DATA FOR ANALYSIS –
(* Let $\mathcal{A}$ be a $C^{\ast}$-algebra faithfully and non-degenerately represented on $\mathcal{H}$, let $(e_i)_{i\in\mathcal{I}}$ be a norm-bounded approximate unit for $\mathcal{A}$ indexed by a directed set $\mathcal{I}$, and let $\mathcal{U}$ be a cofinal ultrafilter over $\mathcal{I}$. Then $\mathcal{A}^{s\mathcal{U}}/J$ is the multiplier algebra of $\mathcal{A}$: $\mathcal{A}$ (embedded via constant families) is an essential ideal of $\mathcal{A}^{s\mathcal{U}}/J$, and for every $C^{\ast}$-algebra $\mathcal{B}$ containing $\mathcal{A}$ as an ideal there is a unique $\ast$-homomorphism $\varphi:\mathcal{B}\to\mathcal{A}^{s\mathcal{U}}/J$ with $\varphi(a)=a$ for all $a\in\mathcal{A}$ (namely $\varphi(b)$ is the class of $(be_i)_{i\in\mathcal{I}}$).
   Context: An ultrafilter $\mathcal{U}$ over a directed set $\mathcal{I}$ is cofinal if $\{i\in\mathcal{I}: i\ge i_0\}\in\mathcal{U}$ for every $i_0\in\mathcal{I}$. $\mathcal{A}^{\mathcal{U}}$ is the quotient of the bounded families $\prod_{\mathcal{I}}\mathcal{A}$ by those with $\lim_{\mathcal{U}}\|a_i\|=0$, normed by $\lim_{\mathcal{U}}\|a_i\|$. A family $(a_i)$ is $\mathcal{U}$-strict convergent to $a_{\mathcal{U}}\in B(\mathcal{H})$ if for every $x\in\mathcal{A}$ and $\varepsilon>0$, $\{i:\|a_ix-a_{\mathcal{U}}x\|<\varepsilon,\ \|xa_i-xa_{\mathcal{U}}\|<\varepsilon\}\in\mathcal{U}$. $\mathcal{A}^{s\mathcal{U}}\subset\mathcal{A}^{\mathcal{U}}$ is the $C^{\ast}$-subalgebra of classes that are $\mathcal{U}$-strict convergent to some operator in $B(\mathcal{H})$, and $J$ is its closed ideal of classes $\mathcal{U}$-strict convergent to $0$. *)

theory Defs
  imports "HOL-Analysis.Analysis"
begin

PROBLEM DETAILS – Whenever a line in the listing above includes the word "ultrafilter", return that line.

RESPONSE TO THE TASK –
(* Let $\mathcal{A}$ be a $C^{\ast}$-algebra faithfully and non-degenerately represented on $\mathcal{H}$, let $(e_i)_{i\in\mathcal{I}}$ be a norm-bounded approximate unit for $\mathcal{A}$ indexed by a directed set $\mathcal{I}$, and let $\mathcal{U}$ be a cofinal ultrafilter over $\mathcal{I}$. Then $\mathcal{A}^{s\mathcal{U}}/J$ is the multiplier algebra of $\mathcal{A}$: $\mathcal{A}$ (embedded via constant families) is an essential ideal of $\mathcal{A}^{s\mathcal{U}}/J$, and for every $C^{\ast}$-algebra $\mathcal{B}$ containing $\mathcal{A}$ as an ideal there is a unique $\ast$-homomorphism $\varphi:\mathcal{B}\to\mathcal{A}^{s\mathcal{U}}/J$ with $\varphi(a)=a$ for all $a\in\mathcal{A}$ (namely $\varphi(b)$ is the class of $(be_i)_{i\in\mathcal{I}}$).
   Context: An ultrafilter $\mathcal{U}$ over a directed set $\mathcal{I}$ is cofinal if $\{i\in\mathcal{I}: i\ge i_0\}\in\mathcal{U}$ for every $i_0\in\mathcal{I}$. $\mathcal{A}^{\mathcal{U}}$ is the quotient of the bounded families $\prod_{\mathcal{I}}\mathcal{A}$ by those with $\lim_{\mathcal{U}}\|a_i\|=0$, normed by $\lim_{\mathcal{U}}\|a_i\|$. A family $(a_i)$ is $\mathcal{U}$-strict convergent to $a_{\mathcal{U}}\in B(\mathcal{H})$ if for every $x\in\mathcal{A}$ and $\varepsilon>0$, $\{i:\|a_ix-a_{\mathcal{U}}x\|<\varepsilon,\ \|xa_i-xa_{\mathcal{U}}\|<\varepsilon\}\in\mathcal{U}$. $\mathcal{A}^{s\mathcal{U}}\subset\mathcal{A}^{\mathcal{U}}$ is the $C^{\ast}$-subalgebra of classes that are $\mathcal{U}$-strict convergent to some operator in $B(\mathcal{H})$, and $J$ is its closed ideal of classes $\mathcal{U}$-strict convergent to $0$. *)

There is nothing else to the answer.